Но что означают слова Асеева «стихов не берут»? Сейчас не берут или вообще не берут?
Одно мы только знаем – рукопись Марине Ивановне не возвращают, а Марина Ивановна часто бывает в издательстве, она связана переводческой работой с издательством, и если бы книга была окончательно зарезана, то ей бы отдали ее папку со стихами. А ей не отдали, и папка эта, когда уже не будет в живых Марины Ивановны и когда в октябре немцы будут стоять под Москвой, окажется на Урале – в Красноуфимске, куда эвакуируют Гослитиздат.

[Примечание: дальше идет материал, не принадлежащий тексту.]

definition right_descent :: "('a, 'b) monoid_scheme \<Rightarrow> 'i set \<Rightarrow> ('i \<Rightarrow> 'a) \<Rightarrow> 'a \<Rightarrow> 'i set" where
  "right_descent G I s w =
     {i \<in> I. cox_length G I s (w \<otimes>\<^bsub>G\<^esub> s i) < cox_length G I s w}"

definition reflections :: "('a, 'b) monoid_scheme \<Rightarrow> 'i set \<Rightarrow> ('i \<Rightarrow> 'a) \<Rightarrow> 'a set" where
  "reflections G I s = {u \<otimes>\<^bsub>G\<^esub> s i \<otimes>\<^bsub>G\<^esub> inv\<^bsub>G\<^esub> u | u i. u \<in> carrier G \<and> i \<in> I}"

definition bruhat_step :: "('a, 'b) monoid_scheme \<Rightarrow> 'i set \<Rightarrow> ('i \<Rightarrow> 'a) \<Rightarrow> 'a \<Rightarrow> 'a \<Rightarrow> bool" where
  "bruhat_step G I s x y \<longleftrightarrow>
     x \<in> carrier G \<and> (\<exists>t \<in> reflections G I s. y = x \<otimes>\<^bsub>G\<^esub> t) \<and>
     cox_length G I s x < cox_length G I s y"

definition bruhat_le :: "('a, 'b) monoid_scheme \<Rightarrow> 'i set \<Rightarrow> ('i \<Rightarrow> 'a) \<Rightarrow> 'a \<Rightarrow> 'a \<Rightarrow> bool" where
  "bruhat_le G I s u w \<longleftrightarrow> u \<in> carrier G \<and> w \<in> carrier G \<and> (bruhat_step G I s)\<^sup>*\<^sup>* u w"

definition annex :: "('a, 'b) monoid_scheme \<Rightarrow> 'i set \<Rightarrow> ('i \<Rightarrow> 'a) \<Rightarrow> 'a \<Rightarrow> 'a set" where
  "annex G I s w = {y \<in> carrier G. \<not> bruhat_le G I s w y}"

end

theory Submission
  imports Defs
begin
(* Let $n\ge1$ and let $\alpha=(a_n,\ldots,a_1)$ be a restricted sequence. In the expansion of $e'_\alpha$ as a $\mathbb{Q}(q)$-linear combination of the basis $\{e_\beta\}$ of $V_n$, the coefficient of $e_\alpha$ equals $1$.
   Context: $D_n$: non-crossing perfect matchings of $\{1,\ldots,2n\}$ (non-crossing $n$-chord diagrams), $D_0=\{\phi\}$. For $1\le k\le 2n+1$, $l_k:D_n\to D_{n+1}$: $l_k(\alpha)$ matches $k$ with $k+1$, old point $i$ becomes $i$ if $i<k$ and $i+2$ if $i\ge k$. Restricted sequence of $\alpha\in D_n$: let $k_n$ be the smallest $k$ with $k$ matched to $k+1$; it is $(k_n,k_{n-1},\ldots,k_1)$ with $(k_{n-1},\ldots,k_1)$ the restricted sequence of $\alpha$ with that arc removed (empty for $\phi$). This is a bijection from $D_n$ to restricted sequences of length $n$; $e_{(a_n,\ldots,a_1)}$ denotes the corresponding diagram. $V_n$: $\mathbb{Q}(q)$-vector space with basis $D_n$ ($q$ an indeterminate), $l_k$ extended linearly. $\Delta_{-1}=0$, $\Delta_0=1$, $\Delta_k=q\Delta_{k-1}-\Delta_{k-2}$. $e'$: $e'_{(1)}=e_{(1)}$; for $n\ge2$, $e'_{(a_n,\ldots,a_1)}=l_{a_n}(e'_{(a_{n-1},\ldots,a_1)})-\frac{\Delta_{a_n-2}}{\Delta_{a_n-1}}e'_{(a_n-1,a_{n-1},\ldots,a_1)}$ if $a_n\ge2$, and $e'_{(1,a_{n-1},\ldots,a_1)}=l_1(e'_{(a_{n-1},\ldots,a_1)})$. *)

theory Defs
  imports Main "HOL-Computational_Algebra.Polynomial" "HOL-Computational_Algebra.Fraction_Field"
begin

text \<open>A chord diagram on points 1..2n is an involution m on nat, fixed-point-free on
  {1..2n} and the identity outside {1..2n}.\<close>

definition D :: "nat \<Rightarrow> (nat \<Rightarrow> nat) set" where
  "D n = {m. (\<forall>x. x \<notin> {1..2*n} \<longrightarrow> m x = x)
           \<and> (\<forall>x\<in>{1..2*n}. m x \<in> {1..2*n} \<and> m x \<noteq> x \<and> m (m x) = x)
           \<and> (\<forall>a b c d. a < b \<and> b < c \<and> c < d \<and> m a = c \<and> m b = d \<longrightarrow> False)}"

definition shift :: "nat \<Rightarrow> nat \<Rightarrow> nat" where
  "shift k i = (if i < k then i else i + 2)"

definition l :: "nat \<Rightarrow> (nat \<Rightarrow> nat) \<Rightarrow> (nat \<Rightarrow> nat)" where
  "l k m = (\<lambda>x. if x = k then k + 1 else if x = k + 1 then k
               else if x < k then shift k (m x) else shift k (m (x - 2)))"

definition unshift :: "nat \<Rightarrow> nat \<Rightarrow> nat" where
  "unshift k j = (if j < k then j else j - 2)"

definition remove_arc :: "nat \<Rightarrow> (nat \<Rightarrow> nat) \<Rightarrow> (nat \<Rightarrow> nat)" where
  "remove_arc k m = (\<lambda>x. if x < k then unshift k (m x) else unshift k (m (x + 2)))"

text \<open>Restricted sequence (a_n, ..., a_1) as the list [a_n, ..., a_1].\<close>
fun rseq :: "nat \<Rightarrow> (nat \<Rightarrow> nat) \<Rightarrow> nat list" where
  "rseq 0 m = []"
| "rseq (Suc n) m = (let k = (LEAST k. 1 \<le> k \<and> m k = k + 1) in k # rseq n (remove_arc k m))"

definition restricted :: "nat \<Rightarrow> nat list \<Rightarrow> bool" where
  "restricted n s \<longleftrightarrow> (\<exists>\<alpha>\<in>D n. rseq n \<alpha> = s)"

definition diag :: "nat list \<Rightarrow> (nat \<Rightarrow> nat)" where
  "diag s = (THE \<alpha>. \<alpha> \<in> D (length s) \<and> rseq (length s) \<alpha> = s)"

text \<open>Q(q) and vectors of V_n as coefficient functions on diagrams.\<close>
type_synonym Qq = "rat poly fract"
type_synonym vec = "(nat \<Rightarrow> nat) \<Rightarrow> Qq"

definition qvar :: Qq where "qvar = Fract [:0, 1:] 1"

definition ev :: "nat list \<Rightarrow> vec" where
  "ev s = (\<lambda>\<gamma>. if \<gamma> = diag s then 1 else 0)"

text \<open>Linear extension of l_k : V_n \<rightarrow> V_{n+1}.\<close>
definition L :: "nat \<Rightarrow> nat \<Rightarrow> vec \<Rightarrow> vec" where
  "L n k v = (\<lambda>\<gamma>. \<Sum>\<beta>\<in>{\<beta> \<in> D n. l k \<beta> = \<gamma>}. v \<beta>)"

text \<open>Delta_k for k \<ge> 0 (Delta_{-1} = 0 gives Delta_1 = q).\<close>
fun Delta :: "nat \<Rightarrow> Qq" where
  "Delta 0 = 1"
| "Delta (Suc 0) = qvar"
| "Delta (Suc (Suc k)) = qvar * Delta (Suc k) - Delta k"

text \<open>eprime a rest = e'_{(a, rest)}, an element of V_{length rest + 1}.\<close>
fun eprime :: "nat \<Rightarrow> nat list \<Rightarrow> vec" where
  "eprime a [] = ev [a]"
| "eprime a (b # rest) =
     (if 2 \<le> a then
        (\<lambda>\<gamma>. L (Suc (length rest)) a (eprime b rest) \<gamma>
              - (Delta (a - 2) / Delta (a - 1)) * eprime (a - 1) (b # rest) \<gamma>)
      else L (Suc (length rest)) 1 (eprime b rest))"

end

theory Submission
  imports Defs
begin

text \<open>
  Write \<alpha> = (a, \<alpha>'). The diagram e(\<alpha>) is l_a(e(\<alpha>')), and its first short arc
  (k, k+1) starts at k = a. In e'(\<alpha>) = l_a(e'(\<alpha>')) - c e'(a-1, \<alpha>') the first term has
  coefficient 1 at e(\<alpha>) by induction, because l_a is injective. Every diagram in the
  support of e'(b, ...) is some l_k(\<beta>) with k \<le> b, so it has a short arc starting at or
  before b. Hence the correction term, where b = a - 1, vanishes at e(\<alpha>).
\<close>

lemma D_involution: "m \<in> D N \<Longrightarrow> m (m x) = x"
  unfolding D_def by (cases "x \<in> {1..2*N}") auto

lemma D_fixed_iff: "m \<in> D N \<Longrightarrow> m x = x \<longleftrightarrow> x \<notin> {1..2*N}"
  unfolding D_def by auto

lemma D_closed: "m \<in> D N \<Longrightarrow> x \<in> {1..2*N} \<Longrightarrow> m x \<in> {1..2*N}"
  unfolding D_def by auto

lemma D_noncrossing:
  "m \<in> D N \<Longrightarrow> a < b \<Longrightarrow> b < c \<Longrightarrow> c < d \<Longrightarrow> m a = c \<Longrightarrow> m b = d \<Longrightarrow> False"
  unfolding D_def by blast

lemma unshift_shift [simp]: "unshift k (shift k x) = x"
  unfolding shift_def unshift_def by auto

lemma shift_unshift: "z \<noteq> k \<Longrightarrow> z \<noteq> k + 1 \<Longrightarrow> shift k (unshift k z) = z"
  unfolding shift_def unshift_def by auto

lemma shift_neq: "shift k x \<noteq> k" "shift k x \<noteq> k + 1"
  unfolding shift_def by auto

lemma shift_less_iff: "shift k a < shift k b \<longleftrightarrow> a < b"
  unfolding shift_def by auto

lemma shift_eq_iff: "shift k a = shift k b \<longleftrightarrow> a = b"
  by (metis unshift_shift)

lemma l_shift: "l k m (shift k x) = shift k (m x)"
  unfolding l_def shift_def by auto

lemma l_at_arc: "l k m k = k + 1" "l k m (k + 1) = k"
  unfolding l_def by auto

lemma remove_arc_eq: "remove_arc k m x = unshift k (m (shift k x))"
  unfolding remove_arc_def shift_def by auto

lemma remove_arc_l [simp]: "remove_arc k (l k m) = m"
  by (rule ext) (simp add: remove_arc_eq l_shift)

lemma inj_l: "inj (l k)"
  by (metis injI remove_arc_l)

lemma shift_remove_arc:
  assumes m: "m \<in> D N" and k: "m k = k + 1"
  shows "shift k (remove_arc k m x) = m (shift k x)"
proof -
  have "m (shift k x) \<noteq> k" "m (shift k x) \<noteq> k + 1"
    using D_involution[OF m] k shift_neq by metis+
  then show ?thesis by (simp add: remove_arc_eq shift_unshift)
qed

lemma l_remove_arc:
  assumes m: "m \<in> D N" and k: "m k = k + 1"
  shows "l k (remove_arc k m) = m"
proof
  fix x
  show "l k (remove_arc k m) x = m x"
  proof (cases "x = k \<or> x = k + 1")
    case True
    then show ?thesis using k D_involution[OF m, of k] l_at_arc by auto
  next
    case False
    then have "x = shift k (unshift k x)" by (simp add: shift_unshift)
    then show ?thesis by (metis l_shift shift_remove_arc[OF m k])
  qed
qed

lemma remove_arc_in_D:
  assumes m: "m \<in> D (Suc n)" and "1 \<le> k" and k: "m k = k + 1"
  shows "remove_arc k m \<in> D n"
proof -
  let ?r = "remove_arc k m"
  have conj: "m (shift k x) = shift k (?r x)" for x
    using shift_remove_arc[OF m k] by simp
  have "k + 1 \<le> 2 * Suc n"
    using D_fixed_iff[OF m, of k] D_closed[OF m, of k] k by auto
  then have shift_range: "shift k x \<in> {1..2 * Suc n} \<longleftrightarrow> x \<in> {1..2*n}" for x
    using \<open>1 \<le> k\<close> unfolding shift_def by auto
  have "?r (?r x) = x" for x
    using D_involution[OF m] conj shift_eq_iff by metis
  moreover have "?r x = x \<longleftrightarrow> x \<notin> {1..2*n}" for x
    using D_fixed_iff[OF m, of "shift k x"] conj shift_eq_iff shift_range by metis
  moreover have "?r x \<in> {1..2*n}" if "x \<in> {1..2*n}" for x
    using D_closed[OF m, of "shift k x"] conj shift_range that by metis
  moreover have False if "a < b" "b < c" "c < d" "?r a = c" "?r b = d" for a b c d
    using D_noncrossing[OF m, of "shift k a" "shift k b" "shift k c" "shift k d"]
      that conj shift_less_iff by metis
  ultimately show ?thesis
    unfolding D_def by blast
qed

lemma D_Suc_ex_short_arc:
  assumes m: "m \<in> D (Suc n)"
  shows "\<exists>k. 1 \<le> k \<and> m k = k + 1"
proof -
  let ?opener = "\<lambda>i. i \<in> {1..2 * Suc n} \<and> i < m i"
  have "m 1 \<noteq> 1" "m 1 \<in> {1..2 * Suc n}"
    using D_fixed_iff[OF m, of 1] D_closed[OF m, of 1] by auto
  then have "?opener 1" by auto
  then obtain i where i: "?opener i" and shortest: "\<And>j. ?opener j \<Longrightarrow> m i - i \<le> m j - j"
    using ex_has_least_nat[of ?opener 1 "\<lambda>i. m i - i"] by blast
  text \<open>A point strictly inside the shortest arc would be matched either inside it,
    giving a shorter arc, or outside it, giving a crossing.\<close>
  have "m i = i + 1"
  proof (rule ccontr)
    assume "m i \<noteq> i + 1"
    then have inside: "i + 1 < m i" using i by simp
    have mi_range: "m i \<in> {1..2 * Suc n}" using D_closed[OF m] i by blast
    then have j_range: "i + 1 \<in> {1..2 * Suc n}" using inside by simp
    have "m (i + 1) \<noteq> i + 1" using D_fixed_iff[OF m] j_range by blast
    moreover have "m (i + 1) \<noteq> i" "m (i + 1) \<noteq> m i"
      using D_involution[OF m] inside by (metis less_not_refl2 less_add_one)+
    ultimately consider "m (i + 1) < i" | "i + 1 < m (i + 1)" "m (i + 1) < m i"
      | "m i < m (i + 1)"
      by linarith
    then show False
    proof cases
      case 1
      then show False
        using D_noncrossing[OF m, of "m (i + 1)" i "i + 1" "m i"] D_involution[OF m] inside
        by simp
    next
      case 2
      then have "?opener (i + 1)" using j_range by simp
      then show False using shortest 2 by fastforce
    next
      case 3
      then show False
        using D_noncrossing[OF m, of i "i + 1" "m i" "m (i + 1)"] inside by simp
    qed
  qed
  then show ?thesis using i by auto
qed

lemma length_rseq: "length (rseq n m) = n"
  by (induction n arbitrary: m) (simp_all add: Let_def)

lemma rseq_Suc_ConsD:
  assumes m: "m \<in> D (Suc n)" and rs: "rseq (Suc n) m = a # s"
  shows "1 \<le> a" and "m a = a + 1" and "\<And>k. 1 \<le> k \<Longrightarrow> k < a \<Longrightarrow> m k \<noteq> k + 1"
    and "remove_arc a m \<in> D n" and "rseq n (remove_arc a m) = s"
proof -
  have a: "a = (LEAST k. 1 \<le> k \<and> m k = k + 1)"
    using rs by (simp add: Let_def)
  have s: "s = rseq n (remove_arc a m)"
    using rs unfolding a by (simp add: Let_def)
  show arc: "1 \<le> a" "m a = a + 1"
    unfolding a using LeastI_ex[OF D_Suc_ex_short_arc[OF m]] by simp_all
  show "\<And>k. 1 \<le> k \<Longrightarrow> k < a \<Longrightarrow> m k \<noteq> k + 1"
    unfolding a using not_less_Least by blast
  show "remove_arc a m \<in> D n" using remove_arc_in_D[OF m arc] .
  show "rseq n (remove_arc a m) = s" using s by simp
qed

lemma rseq_inj: "m \<in> D n \<Longrightarrow> m' \<in> D n \<Longrightarrow> rseq n m = rseq n m' \<Longrightarrow> m = m'"
proof (induction n arbitrary: m m')
  case 0
  then show ?case unfolding D_def by auto
next
  case (Suc n)
  obtain a s where rs: "rseq (Suc n) m = a # s"
    by (metis length_rseq length_Suc_conv)
  then have rs': "rseq (Suc n) m' = a # s" using Suc.prems by simp
  note arc = rseq_Suc_ConsD[OF Suc.prems(1) rs] and arc' = rseq_Suc_ConsD[OF Suc.prems(2) rs']
  have "remove_arc a m = remove_arc a m'"
    using Suc.IH arc(4,5) arc'(4,5) by simp
  then show ?case
    using l_remove_arc[OF Suc.prems(1) arc(2)] l_remove_arc[OF Suc.prems(2) arc'(2)] by metis
qed

lemma
  assumes "restricted n s"
  shows diag_in_D: "diag s \<in> D n" and rseq_diag: "rseq n (diag s) = s"
proof -
  obtain \<alpha> where \<alpha>: "\<alpha> \<in> D n" "rseq n \<alpha> = s"
    using assms unfolding restricted_def by blast
  then have "length s = n" using length_rseq by metis
  then have "diag s = \<alpha>"
    unfolding diag_def using \<alpha> rseq_inj by (intro the_equality) auto
  then show "diag s \<in> D n" "rseq n (diag s) = s" using \<alpha> by simp_all
qed

lemma restricted_ConsD:
  assumes as: "restricted (Suc n) (a # s)"
  shows "restricted n s" and "diag (a # s) = l a (diag s)" and "1 \<le> a"
    and "\<And>k. 1 \<le> k \<Longrightarrow> k < a \<Longrightarrow> diag (a # s) k \<noteq> k + 1"
proof -
  note arc = rseq_Suc_ConsD[OF diag_in_D[OF as] rseq_diag[OF as]]
  show s: "restricted n s"
    unfolding restricted_def using arc(4,5) by blast
  have "diag s = remove_arc a (diag (a # s))"
    using rseq_inj[OF diag_in_D[OF s] arc(4)] rseq_diag[OF s] arc(5) by simp
  then show "diag (a # s) = l a (diag s)"
    using l_remove_arc[OF diag_in_D[OF as] arc(2)] by simp
  show "1 \<le> a" "\<And>k. 1 \<le> k \<Longrightarrow> k < a \<Longrightarrow> diag (a # s) k \<noteq> k + 1"
    using arc(1,3) by auto
qed

lemma L_l: "\<beta> \<in> D n \<Longrightarrow> L n k v (l k \<beta>) = v \<beta>"
proof -
  assume "\<beta> \<in> D n"
  then have "{\<beta>' \<in> D n. l k \<beta>' = l k \<beta>} = {\<beta>}"
    using inj_l[of k] by (auto dest: injD)
  then show ?thesis unfolding L_def by simp
qed

lemma L_eq_0_if_no_arc: "\<gamma> k \<noteq> k + 1 \<Longrightarrow> L n k v \<gamma> = 0"
  unfolding L_def using l_at_arc(1) by (metis (mono_tags, lifting) empty_Collect_eq sum.empty)

declare eprime.simps(2) [simp del]

lemma eprime_Cons_ge_2:
  "2 \<le> a \<Longrightarrow> eprime a (b # r) \<gamma> =
     L (Suc (length r)) a (eprime b r) \<gamma> - Delta (a - 2) / Delta (a - 1) * eprime (a - 1) (b # r) \<gamma>"
  by (simp add: eprime.simps(2))

lemma eprime_Cons_less_2: "a < 2 \<Longrightarrow> eprime a (b # r) = L (Suc (length r)) 1 (eprime b r)"
  by (simp add: eprime.simps(2))

lemma eprime_Cons_eq_0:
  "(\<And>k. 1 \<le> k \<Longrightarrow> k \<le> max 1 a \<Longrightarrow> \<gamma> k \<noteq> k + 1) \<Longrightarrow> eprime a (b # r) \<gamma> = 0"
proof (induction a)
  case 0
  then show ?case by (simp add: eprime_Cons_less_2 L_eq_0_if_no_arc)
next
  case (Suc a)
  show ?case
  proof (cases "2 \<le> Suc a")
    case True
    then have "eprime a (b # r) \<gamma> = 0" using Suc by simp
    moreover have "L (Suc (length r)) (Suc a) (eprime b r) \<gamma> = 0"
      using Suc.prems L_eq_0_if_no_arc by simp
    ultimately show ?thesis using eprime_Cons_ge_2[OF True] by simp
  next
    case False
    then show ?thesis using Suc.prems by (simp add: eprime_Cons_less_2 L_eq_0_if_no_arc)
  qed
qed

theorem mainTheorem11:
  fixes a :: nat and rest :: "nat list"
  assumes "restricted (Suc (length rest)) (a # rest)"
  shows "eprime a rest (diag (a # rest)) = 1"
  using assms
proof (induction rest arbitrary: a)
  case Nil
  then show ?case by (simp add: ev_def)
next
  case (Cons b r)
  note \<alpha> = restricted_ConsD[OF Cons.prems[unfolded length_Cons]]
  have lifted: "L (Suc (length r)) a (eprime b r) (diag (a # b # r)) = 1"
    using \<alpha>(2) L_l[OF diag_in_D[OF \<alpha>(1)]] Cons.IH[OF \<alpha>(1)] by simp
  show ?case
  proof (cases "2 \<le> a")
    case True
    have "eprime (a - 1) (b # r) (diag (a # b # r)) = 0"
      using \<alpha>(4) True by (intro eprime_Cons_eq_0) simp
    then show ?thesis using eprime_Cons_ge_2[OF True] lifted by simp
  next
    case False
    then have "a = 1" using \<alpha>(3) by simp
    then show ?thesis using eprime_Cons_less_2 lifted by simp
  qed
qed

end
(* Let $t\ge3$, let $\mathcal C$ be an $(n,k,r,t)$-SLRC and let $G$ be a minimal repair graph of $\mathcal C$ with source set $S(G)$. Then for every $v\in S(G)$: 1) $|\mathrm{Out}(v)|\ge1$; 2) if $\mathrm{Out}(v)=\{v'\}$, then $\mathrm{Out}^2(v)=\mathrm{Out}(v')\ne\emptyset$; 3) if $\mathrm{Out}(v)=\{v_1\}$ and $\mathrm{Out}(v_1)=\{v_2\}$, then $\mathrm{Out}(v_2)\ne\emptyset$; 4) if $\mathrm{Out}(v)=\{v_1\}$ and $\mathrm{Out}(v_1)=\{v_2\}$, then $|\mathrm{Out}(u)|\ge2$ for every source $u\in\mathrm{In}(v_2)$; 5) if $v,w$ are two distinct sources with $|\mathrm{Out}(v)|=|\mathrm{Out}(w)|=1$, then $\mathrm{Out}(v)\ne\mathrm{Out}(w)$.
   Context: For an $[n,k]$ linear code $\mathcal C$ over a finite field $\mathbb F$, a recovering set of $i\in[n]$ is a set $R\subseteq[n]\setminus\{i\}$ with nonzero $a_j\in\mathbb F$ such that $x_i=\sum_{j\in R}a_jx_j$ for all $x\in\mathcal C$; standing assumption: recovering sets have size $2\le|R|\le r<k$. $\mathcal C$ is an $(n,k,r,t)$-SLRC if every $E\subseteq[n]$ with $|E|\le t$ can be indexed $\{i_1,\dots,i_{|E|}\}$ so that each $i_\ell$ has a recovering set $R_\ell\subseteq([n]\setminus E)\cup\{i_1,\dots,i_{\ell-1}\}$. A repair graph of $\mathcal C$ is a directed acyclic graph on vertex set $[n]$ such that for every vertex $i$ with nonempty in-neighbourhood $\mathrm{In}(i)$, $\mathrm{In}(i)$ is a recovering set of $i$. A source is a vertex with no in-neighbours. A minimal repair graph is a repair graph with the minimum number of sources among all repair graphs of $\mathcal C$. $\mathrm{Out}(v)$ denotes the out-neighbours of $v$, and $\mathrm{Out}^2(v)=\bigcup_{u\in\mathrm{Out}(v)}\mathrm{Out}(u)\setminus\mathrm{Out}(v)$. *)

theory Defs
  imports Complex_Main "HOL-Library.Function_Algebras"
begin

text \<open>Words of length n over a field are modelled as functions nat => 'a that
vanish outside the coordinate set [n] = {0..<n}.  Scalar multiplication is pointwise.\<close>

definition cscale :: "'a::field \<Rightarrow> (nat \<Rightarrow> 'a) \<Rightarrow> (nat \<Rightarrow> 'a)" where
  "cscale c x = (\<lambda>i. c * x i)"

lemma vector_space_cscale: "vector_space (cscale :: 'a::field \<Rightarrow> _)"
  by unfold_locales (auto simp: cscale_def plus_fun_def fun_eq_iff algebra_simps)

definition linear_code :: "nat \<Rightarrow> nat \<Rightarrow> (nat \<Rightarrow> 'a::field) set \<Rightarrow> bool" where
  "linear_code n k C \<longleftrightarrow>
     (\<forall>x\<in>C. \<forall>i. n \<le> i \<longrightarrow> x i = 0) \<and>
     0 \<in> C \<and> (\<forall>x\<in>C. \<forall>y\<in>C. x + y \<in> C) \<and> (\<forall>c. \<forall>x\<in>C. cscale c x \<in> C) \<and>
     vector_space.dim cscale C = k"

Там, в Красноуфимске, в одной из комнат, в углу, среди сваленных в кучу рукописей, вывезенных из Москвы, будет валяться и папка со стихами Марины Ивановны с ее правкой!
Подберет эту папку детская писательница Елена Благинина.
На Рождество, где-то между 7 и 14 января, Марина Ивановна была у нас на Конюшках в гостях, и шел разговор о книге. Но записи у меня нет, говорится только, что Тарасенков настроен, как всегда, оптимистично и уверяет, что свет клином на Зелинском не сошелся и книга обязательно увидит свет, а подробностей память не доносит. И как же я кляну себя теперь – ведь могла же все записывать! Но записала о другом. В этот вечер Марина Ивановна читала «Поэму Конца», мою самую любимую ее поэму. Были Вильмонты. Как-то так повелось: мы – к ним, когда у них Марина Ивановна, они – к нам, когда она у нас. Кто-то потушил свет, и комната освещалась только горящими в камине поленьями. Марина Ивановна сидела на скамеечке близ огня в сером платье, седая, впрочем, от огня не седая – огневая, охваченная огненным светом. Подол платья она натянула на колени, колени обхватила руками, сцепив пальцы, а сама – из кольца своих рук, из платья, из себя, от себя куда-то – туда, в огонь, в устье камина, в черное жерло трубы…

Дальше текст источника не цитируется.